[PYTHON] Why is cross entropy used for the objective function of the classification problem?

What is a classification problem?

The classification problem classifies data into several categories and is one of the typical methods of machine learning.

image.png

Take a purchasing site as an example. Predict whether a user will buy or not buy a new product from a user's purchase information. Classification into two categories (classes) is called binary classification.

Classification predictions with more than two classes are called multiclass classification. Judgment of what is shown in the image (image recognition) is also one of the multi-class classification problems. It is also a classification problem to judge that it is a cat based on the image of a cat.

Cross entropy

Two probability distributions

P(x):Correct data distribution\\
Q(x):Predictive model distribution

In contrast, cross entropy is defined below.

L = - \sum_{x} P(x) \log{Q(x)}

The more similar the two probability distributions are, the smaller the cross entropy. Utilizing the properties of this function, it is often adopted as an objective function in machine learning (especially classification problems).

In this article, we will mathematically consider why cross entropy is often adopted for objective functions.

The following was helpful for a detailed explanation of cross entropy. http://cookie-box.hatenablog.com/entry/2017/05/07/121607

Binomial distribution (Bernoulli distribution)

In considering the classification problem, take the binomial distribution, which is the simplest probability distribution, as an example.
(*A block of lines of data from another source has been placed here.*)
lemma exists_downcrossings_ge:
  assumes "j \<ge> 1" and "k < card (prefixes_of_length j \<omega>)"
  shows "\<exists>N. k \<le> snd (downcross_state j (stake N \<omega>))"
proof -
  have "finite (prefixes_of_length j \<omega>)"
    using assms(2) card.infinite by fastforce
  moreover have "prefixes_of_length j \<omega> \<subseteq> (\<Union>N. prefix_set j (stake N \<omega>))"
    by (simp add: prefixes_of_length_eq_UN)
  ultimately obtain N where N: "prefixes_of_length j \<omega> \<subseteq> prefix_set j (stake N \<omega>)"
    using finite_subset_UN_mono[OF _ _ mono_prefix_set_stake] by blast
  have "card (prefixes_of_length j \<omega>) \<le> card (prefix_set j (stake N \<omega>))"
    using N finite_prefix_set by (rule card_mono[rotated])
  also have "\<dots> \<le> snd (downcross_state j (stake N \<omega>)) + 1"
    using card_prefix_set_le_downcrossings[OF assms(1), of "stake N \<omega>"] by (simp split: if_splits)
  finally have "k \<le> snd (downcross_state j (stake N \<omega>))"
    using assms(2) by linarith
  then show ?thesis
    by blast
qed

lemma prob_space_walk_space: "prob_space (walk_space d)"
  unfolding walk_space_def by (rule prob_space.prob_space_stream_space[OF prob_space_measure_pmf])

lemma measurable_walk_space_stake:
  assumes "\<And>xs. F xs \<in> space N"
  shows "(\<lambda>\<omega>. F (stake n \<omega>)) \<in> walk_space d \<rightarrow>\<^sub>M N"
  unfolding walk_space_def using assms by (rule measurable_stake_comp)

lemma pred_card_prefixes_of_length_le:
  assumes "y \<ge> 0"
  shows "Measurable.pred (walk_space d) (\<lambda>\<omega>. real (card (prefixes_of_length j \<omega>)) \<le> y)"
proof -
  have [measurable]:
    "Measurable.pred (walk_space d) (\<lambda>\<omega>. real (card (prefix_set j (stake N \<omega>))) \<le> y)"
    "Measurable.pred (walk_space d) (\<lambda>\<omega>. M \<le> card (prefix_set j (stake N \<omega>)))" for N M
    by (rule measurable_walk_space_stake; simp)+
  show ?thesis
    unfolding prefixes_of_length_eq_UN
    by (subst real_card_UN_mono_le_iff[OF mono_prefix_set_stake finite_prefix_set assms]) measurable
qed

lemma pred_downcrossings_ge [measurable]:
  "Measurable.pred (walk_space d) (\<lambda>\<omega>. k \<le> snd (downcross_state j (stake N \<omega>)))"
  by (rule measurable_walk_space_stake) simp

section \<open>A supermartingale for downcrossings\<close>

definition backtrack_prob :: "nat \<Rightarrow> real" where
  "backtrack_prob d = 1 / (2 * real d - 1)"

lemma backtrack_prob_pos: "d \<ge> 1 \<Longrightarrow> backtrack_prob d > 0"
  by (simp add: backtrack_prob_def)

lemma backtrack_prob_le_1: "d \<ge> 1 \<Longrightarrow> backtrack_prob d \<le> 1"
  by (simp add: backtrack_prob_def)

lemma backtrack_prob_harmonic:
  assumes "d \<ge> 1" and "e \<ge> 1"
  shows "(2 * real d - 1) * backtrack_prob d ^ (e + 1) + backtrack_prob d ^ (e - 1)
    = 2 * real d * backtrack_prob d ^ e"
proof -
  define r where "r = backtrack_prob d"
  define a where "a = r ^ (e - 1)"
  have "(2 * real d - 1) * r = 1"
    using assms(1) by (simp add: r_def backtrack_prob_def)
  then have r: "2 * real d * r = 1 + r"
    by (simp add: algebra_simps)
  obtain m where "e = Suc m"
    using assms(2) by (cases e) auto
  then have "r ^ (e + 1) = a * r * r" and "r ^ e = a * r"
    by (simp_all add: a_def)
  then have "(2 * real d - 1) * r ^ (e + 1) + r ^ (e - 1) = a * (2 * real d * r) * r - a * r * r + a"
    by (simp add: a_def algebra_simps)
  also have "\<dots> = 2 * real d * r ^ e"
    using r \<open>r ^ e = a * r\<close> by (simp add: algebra_simps)
  finally show ?thesis
    by (simp add: r_def)
qed

fun downcross_potential :: "nat \<Rightarrow> nat \<Rightarrow> nat \<Rightarrow> letter list \<times> nat \<Rightarrow> real" where
  "downcross_potential d k j (w, c) =
     (if k \<le> c then 1 else backtrack_prob d ^ ((k - c) + (length w - j)))"

lemma downcross_potential_nonneg: "d \<ge> 1 \<Longrightarrow> 0 \<le> downcross_potential d k j s"
  using backtrack_prob_pos[of d] by (cases s) (simp add: order_less_imp_le)

lemma downcross_potential_saturated: "k \<le> snd s \<Longrightarrow> downcross_potential d k j s = 1"
  by (cases s) simp

lemma downcross_potential_step_long:
  assumes "j \<ge> 1" and "j \<le> length w" and "c < k"
  defines "e \<equiv> (k - c) + (length w - j)"
  shows "downcross_potential d k j (downcross_step j (w, c) x)
    = backtrack_prob d ^ (if x = inv_letter (last w) then e - 1 else e + 1)"
proof -
  have "w \<noteq> []"
    using assms(1,2) by auto
  have backtrack: "last w = inv_letter x \<longleftrightarrow> x = inv_letter (last w)"
    by auto
  show ?thesis
  proof (cases "x = inv_letter (last w)")
    case True
    then have "mult_letter w x = butlast w"
      using \<open>w \<noteq> []\<close> backtrack by (simp add: mult_letter_def)
    then show ?thesis
      using True backtrack \<open>w \<noteq> []\<close> assms(2,3) by (auto simp: e_def add.commute)
  next
    case False
    then have "downcross_step j (w, c) x = (w @ [x], c)"
      using backtrack by (simp add: mult_letter_def)
    moreover have "(k - c) + (length (w @ [x]) - j) = e + 1"
      using assms(2) by (simp add: e_def)
    ultimately show ?thesis
      unfolding downcross_potential.simps using False assms(3) by simp
  qed
qed

lemma sum_downcross_potential_step_le:
  assumes "d \<ge> 1" and "j \<ge> 1"
  shows "(\<Sum>x\<in>letters d. downcross_potential d k j (downcross_step j s x))
    \<le> 2 * real d * downcross_potential d k j s"
proof -
  obtain w c where s: "s = (w, c)"
    by fastforce
  consider "k \<le> c" | "c < k" "length w < j" | "c < k" "j \<le> length w"
    by linarith
  then show ?thesis
  proof cases
    case 1
    then have "downcross_potential d k j (downcross_step j s x) = 1" for x
      by (simp add: s)
    then show ?thesis
      using 1 by (simp add: s card_letters)
  next
    case 2
    then have "length (mult_letter w x) \<le> j" for x
      by (auto simp: mult_letter_def)
    then have "downcross_potential d k j (downcross_step j s x) = backtrack_prob d ^ (k - c)" for x
      using 2 by (simp add: s)
    then show ?thesis
      using 2 by (simp add: s card_letters)
  next
    case 3
    define r where "r = backtrack_prob d"
    define e where "e = (k - c) + (length w - j)"
    have "e \<ge> 1"
      using 3 by (simp add: e_def)
    have "downcross_potential d k j (downcross_step j s x)
        = (if x = inv_letter (last w) then r ^ (e - 1) else r ^ (e + 1))" for x
      unfolding s r_def e_def downcross_potential_step_long[OF assms(2) 3(2,1)] by (rule if_distrib)
    then have "(\<Sum>x\<in>letters d. downcross_potential d k j (downcross_step j s x))
        = (\<Sum>x\<in>letters d. if x = inv_letter (last w) then r ^ (e - 1) else r ^ (e + 1))"
      by simp
    also have "\<dots> = real (2 * d) * r ^ (e + 1)
        + (if inv_letter (last w) \<in> letters d then r ^ (e - 1) - r ^ (e + 1) else 0)"
      by (simp add: sum_if_eq_delta finite_letters card_letters)
    also have "\<dots> \<le> (2 * real d - 1) * r ^ (e + 1) + r ^ (e - 1)"
    proof -
      have "r ^ (e + 1) \<le> r ^ (e - 1)"
        using backtrack_prob_pos[OF assms(1)] backtrack_prob_le_1[OF assms(1)]
        by (intro power_decreasing) (auto simp: r_def)
      then show ?thesis
        by (auto simp: algebra_simps)
    qed
    also have "\<dots> = 2 * real d * r ^ e"
      unfolding r_def by (rule backtrack_prob_harmonic[OF assms(1) \<open>e \<ge> 1\<close>])
    also have "r ^ e = downcross_potential d k j s"
      using 3 by (simp add: s r_def e_def)
    finally show ?thesis .
  qed
qed

lemma nn_integral_downcross_potential_le:
  assumes "d \<ge> 1" and "j \<ge> 1"
  shows "(\<integral>\<^sup>+\<omega>. downcross_potential d k j (foldl (downcross_step j) s (stake n \<omega>)) \<partial>walk_space d)
    \<le> downcross_potential d k j s"
  unfolding walk_space_def
proof (rule nn_integral_foldl_stake_le)
  fix s
  have "(0, False) \<in> letters d"
    using assms(1) by (simp add: letters_def)
  then have "letters d \<noteq> {}"
    by blast
  have "(\<integral>\<^sup>+x. downcross_potential d k j (downcross_step j s x) \<partial>mu d)
      = ennreal ((\<Sum>x\<in>letters d. downcross_potential d k j (downcross_step j s x)) / (2 * real d))"
    unfolding mu_def using \<open>letters d \<noteq> {}\<close> assms(1) downcross_potential_nonneg
    by (simp add: nn_integral_pmf_of_set finite_letters card_letters
        ennreal_of_nat_eq_real_of_nat sum_ennreal sum_nonneg divide_ennreal)
  also have "\<dots> \<le> downcross_potential d k j s"
    using sum_downcross_potential_step_le[OF assms, of k s] assms(1)
    by (intro ennreal_leI) (simp add: divide_le_eq mult.commute)
  finally show "(\<integral>\<^sup>+x. downcross_potential d k j (downcross_step j s x) \<partial>mu d)
      \<le> downcross_potential d k j s" .
qed

lemma prob_downcrossings_ge_le:
  assumes "d \<ge> 1" and "j \<ge> 1"
  shows "measure (walk_space d)
      {\<omega> \<in> space (walk_space d). \<exists>N. k \<le> snd (downcross_state j (stake N \<omega>))}
    \<le> backtrack_prob d ^ k"
proof -
  interpret prob_space "walk_space d"
    by (rule prob_space_walk_space)
  define A where "A N = {\<omega> \<in> space (walk_space d). k \<le> snd (downcross_state j (stake N \<omega>))}" for N
  have A_sets: "range A \<subseteq> events"
    unfolding A_def by auto
  have "snd (downcross_state j (stake N \<omega>)) \<le> snd (downcross_state j (stake (Suc N) \<omega>))" for N \<omega>
    using snd_downcross_state_append_ge[of j "stake N \<omega>" "[\<omega> !! N]"]
    by (simp add: stake_Suc del: stake.simps)
  then have "incseq A"
    by (intro incseq_SucI) (auto simp: A_def intro: order_trans)
  have "emeasure (walk_space d) (A N) \<le> backtrack_prob d ^ k" for N
  proof -
    have "emeasure (walk_space d) (A N) = (\<integral>\<^sup>+\<omega>. indicator (A N) \<omega> \<partial>walk_space d)"
      using A_sets by (simp add: image_subset_iff)
    also have "\<dots> \<le> (\<integral>\<^sup>+\<omega>. downcross_potential d k j (foldl (downcross_step j) ([], 0) (stake N \<omega>))
        \<partial>walk_space d)"
      using downcross_potential_nonneg[OF assms(1)] downcross_potential_saturated
      by (intro nn_integral_mono) (auto simp: A_def downcross_state_def indicator_def)
    also have "\<dots> \<le> downcross_potential d k j ([], 0)"
      by (rule nn_integral_downcross_potential_le[OF assms])
    finally show ?thesis
      by (cases k) simp_all
  qed
  then have "emeasure (walk_space d) (\<Union>N. A N) \<le> backtrack_prob d ^ k"
    by (simp add: SUP_emeasure_incseq[OF A_sets \<open>incseq A\<close>, symmetric] SUP_least)
  moreover have "{\<omega> \<in> space (walk_space d). \<exists>N. k \<le> snd (downcross_state j (stake N \<omega>))} = (\<Union>N. A N)"
    by (auto simp: A_def)
  ultimately show ?thesis
    using backtrack_prob_pos[OF assms(1)] by (simp add: emeasure_eq_measure)
qed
P(x_1) = p \;\;\; P(x_2) = 1 - p \\
Q(x_1) = q \;\;\; Q(x_2) = 1 - q \\

hako

There are two colored balls, red and white, in the box, and the probability of drawing red is

P(Red) = p

The probability of drawing white

P(White) = 1 - p

It is easy to understand if you think about it. If you have a total of 10 balls, 2 red and 8 white

P(Red) = 0.2 \quad P(White) = 0.8

about it.

Now, at this time, the objective function is

\begin{align}
L &= - \sum_{x} P(x) \log{Q(x)} \\
  &= - p \log{q} - (1-p) \log{(1-q)}
\end{align}

Can be expanded.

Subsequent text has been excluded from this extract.